Like limes, lemons too contain very little sugar – 1 fruit (58 g) has 1.5 g of sugar.
4. Tomatoes
3.2 g of sugar in 1 medium sized tomato (123 g)
The tomato is another fruit that is often mistaken for being a vegetable. There are many different types of tomato and they are used in a variety of recipes all over the world.
Tomatoes are the richest source of a substance called lycopene, which is responsible for their red colour. It is considered to be one of the most powerful antioxidants in the world. Lycopene may help prevent cancer, keeps your eyes healthy, is good for your brain and prevents heart disease.
Tomatoes provide small amounts of various nutrients such as vitamin A, vitamin C, vitamin K, potassium and manganese.
They can be enjoyed in salads, added to soups and even used to prepare your own healthy homemade version of tomato sauce.
5. Eggplant
2.9 g of sugar in 1 cup of eggplant (82 g)
Also known as aubergine, it is a unique fruit with a smooth purplish-black outer skin and white inner flesh. People are divided into two groups when it comes to eggplant, some really enjoy the taste and can’t get enough whereas other’s can’t stand the sight of it.
The skin of the eggplant contains many vitamins, minerals and antioxidants so it is important not to discard it. Eggplant consumption assists with digestive health, weight control and diabetes management.
It can be baked, grilled, roasted & stir fried and is often added to pasta, salads and curries.
6. Cranberries
4 g of sugar in 1 cup of cranberries (100 g)
Popular at Christmas time, cranberries have a sour taste and are rarely eaten raw. Instead, they are often used to prepare sauces and juices.
Cranberries contain a number of beneficial compounds, many of which are concentrated in the peel. These include quercetin, myricetin, peonidin and ursolic acid.
This fruit is well known for being able to prevent urinary tract infections and studies such as this have shown this to be true.
Excessive consumption of cranberries is not recommended as it may cause stomach upset and diarrhea.
7. Raspberries
5 g of sugar in 1 cup of raspberries (123 g)
Raspberries are the first food in this list that a lot of people would consider to be a true ‘fruit’. Ripe raspberries are sweet and are often used to prepare jams and compotes.
Raspberries are a rich source of vitamin C, providing you with 54% of your daily value per cup. This vitamin is necessary for a large number of bodily processes. It helps with wound healing, assists with iron absorption, maintains healthy gums and keeps the heart functioning optimally.
If you are looking for a delicious fruit that is low in sugar, raspberries are a great choice.
8. Blackberries
7 g of sugar in 1 cup of blackberries (144 g)
Another berry that is fairly low in sugar is the blackberry.
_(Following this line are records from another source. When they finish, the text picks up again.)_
text \<open>Action of s^k t^e by conjugation: g v g^{-1}.\<close>
definition d8_act :: "d8 \<Rightarrow> vec4 \<Rightarrow> vec4" where
  "d8_act g v = (case g of (k,e) \<Rightarrow> (act_s ^^ nat k) ((act_t ^^ nat e) v))"

text \<open>Multiplication in D_8 = <t,s | t^2 = s^4 = (ts)^2 = 1>, using t s^b = s^{-b} t.\<close>
definition d8_mult :: "d8 \<Rightarrow> d8 \<Rightarrow> d8" where
  "d8_mult g h = (case g of (a,e) \<Rightarrow> case h of (b,f) \<Rightarrow>
      ((a + (if e = 0 then b else - b)) mod 4, (e + f) mod 2))"

definition S_grp :: "(vec4 \<times> d8) monoid" where
  "S_grp = \<lparr> carrier = ({0..3} \<times> {0..3} \<times> {0..3}) \<times> ({0..3} \<times> {0..1}),
             monoid.mult = (\<lambda>(v,g) (w,h). (vadd v (d8_act g w), d8_mult g h)),
             one = ((0,0,0),(0,0)) \<rparr>"

definition v1 :: "vec4 \<times> d8" where "v1 = ((1,0,0),(0,0))"
definition v2 :: "vec4 \<times> d8" where "v2 = ((0,1,0),(0,0))"
definition v3 :: "vec4 \<times> d8" where "v3 = ((0,0,1),(0,0))"
definition s_el :: "vec4 \<times> d8" where "s_el = ((0,0,0),(1,0))"
definition t_el :: "vec4 \<times> d8" where "t_el = ((0,0,0),(0,1))"

definition two_A :: "(vec4 \<times> d8) set" where
  "two_A = generate S_grp
     { (v1 \<otimes>\<^bsub>S_grp\<^esub> v3) [^]\<^bsub>S_grp\<^esub> (2::nat),
       (v1 \<otimes>\<^bsub>S_grp\<^esub> v2) [^]\<^bsub>S_grp\<^esub> (2::nat),
       s_el [^]\<^bsub>S_grp\<^esub> (2::nat),
       t_el \<otimes>\<^bsub>S_grp\<^esub> s_el }"

definition two_C :: "(vec4 \<times> d8) set" where
  "two_C = generate S_grp
     { (v1 \<otimes>\<^bsub>S_grp\<^esub> v3) [^]\<^bsub>S_grp\<^esub> (2::nat),
       (v1 \<otimes>\<^bsub>S_grp\<^esub> v2) [^]\<^bsub>S_grp\<^esub> (2::nat),
       s_el [^]\<^bsub>S_grp\<^esub> (2::nat),
       v1 \<otimes>\<^bsub>S_grp\<^esub> v3 \<otimes>\<^bsub>S_grp\<^esub> t_el \<otimes>\<^bsub>S_grp\<^esub> s_el }"

definition Z2_4 :: "(int \<times> int \<times> int \<times> int) monoid" where
  "Z2_4 = DirProd (integer_mod_group 2) (DirProd (integer_mod_group 2)
            (DirProd (integer_mod_group 2) (integer_mod_group 2)))"

end

theory Submission
  imports Defs "HOL-Library.Numeral_Type"
begin

(* S is the split extension V \<rtimes> D_8 of V = (Z/4)^3.  Since v1 v3 is fixed by s and inverted
   by t, sending reflections to v1 v3 and rotations to 1 is a crossed homomorphism c : D_8 \<rightarrow> V,
   so alpha(v g) = v c(g) g is an automorphism of S.  It fixes V and s and sends t to v1 v3 t;
   hence it maps the generators of 2_A onto those of 2_C, and those of 2_C onto those of 2_A
   except that v1 v3 t s becomes (v1 v3)^2 t s, which generates the same subgroup together
   with (v1 v3)^2.  If alpha were conjugation by g, then g would centralize V, hence lie in V
   because D_8 acts faithfully.  Writing g = u additively, u would be fixed by s, forcing
   u = (a,0,a), and u - t u = v1 v3; but u - t u = (2a,0,2a) has even coordinates.  Finally,
   (Z/2)^4 maps isomorphically onto 2_A by sending the unit vectors to its four generators. *)

definition semidirect_product ::
    "('a, 'c) monoid_scheme \<Rightarrow> ('b, 'd) monoid_scheme \<Rightarrow> ('b \<Rightarrow> 'a \<Rightarrow> 'a) \<Rightarrow> ('a \<times> 'b) monoid" where
  "semidirect_product V H \<phi> =
     \<lparr> carrier = carrier V \<times> carrier H,
       monoid.mult = (\<lambda>(v, g) (w, h). (v \<otimes>\<^bsub>V\<^esub> \<phi> g w, g \<otimes>\<^bsub>H\<^esub> h)),
       one = (\<one>\<^bsub>V\<^esub>, \<one>\<^bsub>H\<^esub>) \<rparr>"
Like raspberries, blackberries are high in vitamin C, and also provide vitamin K, manganese and other nutrients in small amounts.
They grow naturally in the wild and can be picked, washed & eaten fresh. Their dark colour is thanks to the large amount of antioxidants that they have.
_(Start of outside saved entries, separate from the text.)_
(* Assume the setting in the context, with $\mathcal Y=\mathbb R$ and additive corruption $\tilde Y=Y+Z$. Make the following assumptions. - Conditionally on $X$, the noise $Z$ is independent of $Y$ and has a distribution symmetric about $0$. The distribution of $Z$ may depend on $X$. - For every $x$, the conditional distribution of $Y\mid X=x$ has a density that is symmetric about some point and unimodal. - For every $x\in\mathcal X$, the set $\widehat{\mathcal C}_{\rm noisy}(x)$ is an interval that contains the median of $\tilde Y\mid X=x$. Then $\mathbb{P}\big(Y_{\rm test}\in\widehat{\mathcal C}_{\rm noisy}(X_{\rm test})\big)\ge 1-\alpha$.
   Context: Setting (conformal prediction with noisy labels). Let $(X_1,Y_1,U_1),\dots,(X_n,Y_n,U_n),(X_{\rm test},Y_{\rm test},U_{\rm test})$ be i.i.d. triples, with $U\sim\mathrm{Unif}[0,1]$ independent of $(X,Y)$. Noisy labels are $\tilde Y_i=g(Y_i,U_i)$ and $\tilde Y_{\rm test}=g(Y_{\rm test},U_{\rm test})$ for a corruption function $g$. Here the corruption is additive: $\tilde Y=Y+Z$, where the noise $Z$ is generated from $U$ (and possibly $X$). Fix a data-independent score $s:\mathcal X\times\mathcal Y\to\mathbb R$ and a level $\alpha\in(0,1)$. Let $\hat q_{\rm noisy}$ be the $\lceil (n+1)(1-\alpha)\rceil$-th smallest of $s(X_i,\tilde Y_i)$, $i=1,\dots,n$, with $\hat q_{\rm noisy}=+\infty$ if this index exceeds $n$. Set $\widehat{\mathcal C}_{\rm noisy}(x)=\{y: s(x,y)\le\hat q_{\rm noisy}\}$. Probabilities are joint over all data and corruption randomness. *)

theory Defs
  imports "HOL-Probability.Probability"
begin

definition unifU :: "real measure" where
  "unifU = uniform_measure lborel {0..1}"

definition XY_law :: "'a measure \<Rightarrow> ('a \<Rightarrow> real \<Rightarrow> real) \<Rightarrow> ('a \<times> real) measure" where
  "XY_law mu f = density (mu \<Otimes>\<^sub>M lborel) (\<lambda>(x,y). ennreal (f x y))"

definition triple_law :: "'a measure \<Rightarrow> ('a \<Rightarrow> real \<Rightarrow> real) \<Rightarrow> (('a \<times> real) \<times> real) measure" where
  "triple_law mu f = XY_law mu f \<Otimes>\<^sub>M unifU"

text \<open>Joint law of the n calibration triples (indices 0..n-1) and the test triple (index n), i.i.d.\<close>
definition data_law :: "nat \<Rightarrow> 'a measure \<Rightarrow> ('a \<Rightarrow> real \<Rightarrow> real)
    \<Rightarrow> (nat \<Rightarrow> ('a \<times> real) \<times> real) measure" where
  "data_law n mu f = PiM {..n} (\<lambda>_. triple_law mu f)"

definition Xof :: "(nat \<Rightarrow> ('a \<times> real) \<times> real) \<Rightarrow> nat \<Rightarrow> 'a" where
  "Xof \<omega> i = fst (fst (\<omega> i))"
definition Yof :: "(nat \<Rightarrow> ('a \<times> real) \<times> real) \<Rightarrow> nat \<Rightarrow> real" where
  "Yof \<omega> i = snd (fst (\<omega> i))"
definition Uof :: "(nat \<Rightarrow> ('a \<times> real) \<times> real) \<Rightarrow> nat \<Rightarrow> real" where
  "Uof \<omega> i = snd (\<omega> i)"

text \<open>Additive corruption: noisy label Y + Z with Z = h X U.\<close>
definition Ytil :: "('a \<Rightarrow> real \<Rightarrow> real) \<Rightarrow> (nat \<Rightarrow> ('a \<times> real) \<times> real) \<Rightarrow> nat \<Rightarrow> real" where
  "Ytil h \<omega> i = Yof \<omega> i + h (Xof \<omega> i) (Uof \<omega> i)"

definition conf_quantile :: "nat \<Rightarrow> real \<Rightarrow> (nat \<Rightarrow> real) \<Rightarrow> ereal" where
  "conf_quantile n \<alpha> v =
     (let k = nat \<lceil>(real n + 1) * (1 - \<alpha>)\<rceil>
      in if k > n then \<infinity> else ereal (sort (map v [0..<n]) ! (k - 1)))"

definition q_noisy :: "nat \<Rightarrow> real \<Rightarrow> ('a \<Rightarrow> real \<Rightarrow> real) \<Rightarrow> ('a \<Rightarrow> real \<Rightarrow> real)
    \<Rightarrow> (nat \<Rightarrow> ('a \<times> real) \<times> real) \<Rightarrow> ereal" where
  "q_noisy n \<alpha> s h \<omega> = conf_quantile n \<alpha> (\<lambda>i. s (Xof \<omega> i) (Ytil h \<omega> i))"

definition C_noisy :: "nat \<Rightarrow> real \<Rightarrow> ('a \<Rightarrow> real \<Rightarrow> real) \<Rightarrow> ('a \<Rightarrow> real \<Rightarrow> real)
    \<Rightarrow> (nat \<Rightarrow> ('a \<times> real) \<times> real) \<Rightarrow> 'a \<Rightarrow> real set" where
  "C_noisy n \<alpha> s h \<omega> x = {y. ereal (s x y) \<le> q_noisy n \<alpha> s h \<omega>}"

definition noisy_cond_law :: "('a \<Rightarrow> real \<Rightarrow> real) \<Rightarrow> ('a \<Rightarrow> real \<Rightarrow> real) \<Rightarrow> 'a \<Rightarrow> real measure" where
  "noisy_cond_law f h x =
     distr (density lborel (\<lambda>y. ennreal (f x y)) \<Otimes>\<^sub>M unifU) borel (\<lambda>(y,u). y + h x u)"

definition is_median :: "real measure \<Rightarrow> real \<Rightarrow> bool" where
  "is_median M t \<longleftrightarrow> measure M {..t} \<ge> 1/2 \<and> measure M {t..} \<ge> 1/2"

definition sym_unimodal :: "(real \<Rightarrow> real) \<Rightarrow> bool" where
  "sym_unimodal g \<longleftrightarrow> (\<exists>m. (\<forall>t. g (m + t) = g (m - t)) \<and> mono_on {..m} g \<and> antimono_on {m..} g)"

end

theory Submission
  imports Defs
begin

(* The noisy scores s(X_i, Y_i + Z_i) of the n + 1 triples are exchangeable, so the usual
   split-conformal argument gives P(Y~_test in C(X_test)) >= 1 - alpha. Conditionally on the
   calibration sample, C(x) is a fixed interval containing the median of Y~ | X = x, which is the
   centre m of the symmetric unimodal density of Y | X = x. For such an interval I one has
   P(Y + z in I) + P(Y - z in I) <= 2 P(Y in I): splitting I and its mirror image I' about m into
   the symmetric intervals I Int I' and I Un I' reduces this to Anderson's inequality
   P(Y + z in K) <= P(Y in K) for intervals K symmetric about m. Averaging over the symmetric
   noise Z yields P(Y + Z in C(x)) <= P(Y in C(x)), so the clean label is covered at least as
   often as the noisy one. *)

section \<open>Symmetric unimodal densities under symmetric noise\<close>

definition shift_mass :: "(real \<Rightarrow> real) \<Rightarrow> real set \<Rightarrow> real \<Rightarrow> ennreal" where
  "shift_mass g K z = (\<integral>\<^sup>+y. ennreal (g y) * indicator K (y + z) \<partial>lborel)"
Eating blackberries can help reduce inflammation, keeps the brain healthy and boosts the immune system.
9. Strawberries
7 g of sugar in 1 cup of strawberries (144 g)
Strawberries are sweet & succulent, especially during summer time, which is why they are are so popular.
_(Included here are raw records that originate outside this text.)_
lemma transversal_frames_mult_vec:
  assumes M: "mat_frame n d M" and N: "N \<in> carrier_mat n d"
    and MN: "col_space M \<inter> col_space N = {\<lambda>_. 0}"
    and v: "v \<in> carrier_vec d" and w: "w \<in> carrier_vec d" and eq: "M *\<^sub>v v = N *\<^sub>v w"
  shows "v = 0\<^sub>v d"
proof -
  have Mc: "M \<in> carrier_mat n d" using M by (rule mat_frame_carrier)
  have "cvec_of_vec (M *\<^sub>v v) \<in> col_space M" "cvec_of_vec (N *\<^sub>v w) \<in> col_space N"
    using Mc N v w unfolding col_space_def by auto
  then have "cvec_of_vec (M *\<^sub>v v) \<in> col_space M \<inter> col_space N"
    unfolding eq by blast
  then have "cvec_of_vec (M *\<^sub>v v) = cvec_of_vec (0\<^sub>v n)" using MN by simp
  then have "M *\<^sub>v v = 0\<^sub>v n"
    by (rule cvec_of_vec_inj[rotated 2, where n = n]) (use Mc v in auto)
  then show ?thesis by (rule mat_frame_mult_vec_eq_0[OF M v])
qed

section \<open>Block matrices\<close>

definition append_cols :: "'a :: zero mat \<Rightarrow> 'a mat \<Rightarrow> 'a mat" where
  "append_cols A B = four_block_mat A B (0\<^sub>m 0 (dim_col A)) (0\<^sub>m 0 (dim_col B))"

definition upper_block :: "nat \<Rightarrow> 'a mat \<Rightarrow> 'a mat" where
  "upper_block k K = mat k (dim_col K) (\<lambda>(i, j). K $$ (i, j))"

definition lower_block :: "nat \<Rightarrow> 'a mat \<Rightarrow> 'a mat" where
  "lower_block k K = mat (dim_row K - k) (dim_col K) (\<lambda>(i, j). K $$ (k + i, j))"

lemma index_append_rows:
  assumes "A \<in> carrier_mat m k" "B \<in> carrier_mat m' k" "i < m + m'" "j < k"
  shows "(A @\<^sub>r B) $$ (i, j) = (if i < m then A $$ (i, j) else B $$ (i - m, j))"
  using assms by (auto simp: append_rows_def)

lemma append_rows_carrier_double:
  "A \<in> carrier_mat d k \<Longrightarrow> B \<in> carrier_mat d k \<Longrightarrow> A @\<^sub>r B \<in> carrier_mat (2 * d) k"
  using carrier_append_rows[of A d k B d] by (simp add: mult_2)

lemma dim_append_cols [simp]:
  "dim_row (append_cols A B) = dim_row A" "dim_col (append_cols A B) = dim_col A + dim_col B"
  unfolding append_cols_def by (simp_all only: index_mat_four_block(2,3) index_zero_mat add_0_right)

lemma dim_append_rows [simp]:
  "dim_row (A @\<^sub>r B) = dim_row A + dim_row B" "dim_col (A @\<^sub>r B) = dim_col A"
  unfolding append_rows_def by (simp_all only: index_mat_four_block(2,3) index_zero_mat add_0_right)

lemma append_cols_carrier [simp]:
  "A \<in> carrier_mat n k \<Longrightarrow> B \<in> carrier_mat n l \<Longrightarrow> append_cols A B \<in> carrier_mat n (k + l)"
  by (intro carrier_matI) (simp_all only: dim_append_cols carrier_matD)
theorem theorem1p2:
  fixes a b q :: complex and G :: "complex fps"
  assumes "norm q < 1" and "q \<noteq> 0" and "b \<noteq> 0"
  shows "qpoch_inf_fps a q * inverse (qpoch_inf_fps b q) * G =
    fps_suminf (\<lambda>n.
      fps_const (qpoch (a * q / b) q n / qpoch q q n)
      * qpoch_fps a q n * inverse (qpoch_fps b q n)
      * (fps_const b * fps_X) ^ n * fps_const (q ^ (n * (n - 1)))
      * (fps_subst_scale (Gtilde q G a b) (q ^ n)
         - fps_const a * fps_X * fps_const (q ^ (2 * n))
           * fps_subst_scale (Gtilde q G (a / q) (b / q)) (q ^ (n + 1))))"
proof -
  define \<phi> where "\<phi> n m = gtilde_term q G a b m * quot_expansion_term q (a * q ^ m) (b * q ^ m) n" for n m
  have dvd_\<phi>: "fps_X ^ n dvd \<phi> n m" "fps_X ^ m dvd \<phi> n m" for n m
    unfolding \<phi>_def
    by (simp_all add: dvd_mult fps_X_power_dvd_quot_expansion_term dvd_mult2 fps_X_power_dvd_gtilde_term)
  have "qpoch_inf_fps a q * inverse (qpoch_inf_fps b q) * G
      = qpoch_quot_fps q a b * fps_suminf (\<lambda>m. fps_const (G $ m) * fps_X ^ m)"
    by (simp add: qpoch_quot_fps_def fps_suminf_monomials)
  also have "\<dots> = fps_suminf (\<lambda>m. fps_suminf (\<lambda>n. \<phi> n m))"
    by (simp add: fps_suminf_mult[symmetric] qpoch_quot_fps_mult_monomial assms \<phi>_def)
  also have "\<dots> = fps_suminf (\<lambda>n. fps_suminf (\<lambda>m. \<phi> n m))"
    using dvd_\<phi> by (rule fps_suminf_swap)
  also have "\<dots> = fps_suminf (expansion_summand q a b (Gtilde q G))"
    by (intro arg_cong[where f = fps_suminf] ext)
      (simp add: expansion_summand_Gtilde expansion_summand_gtilde_term assms \<phi>_def)
  finally show ?thesis
    unfolding expansion_summand_def qbinom_coeff_def .
qed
They contain even more vitamin C than raspberries and blackberries; a cup serving has 141% of your daily value of vitamin C. In fact when compared weight for weight, strawberries have more vitamin C than oranges do!
The consumption of strawberries keeps the heart healthy, prevents cancer and may help to regulate blood sugar levels.
You can eat strawberries on their own or add them to yogurt, salads and smoothies.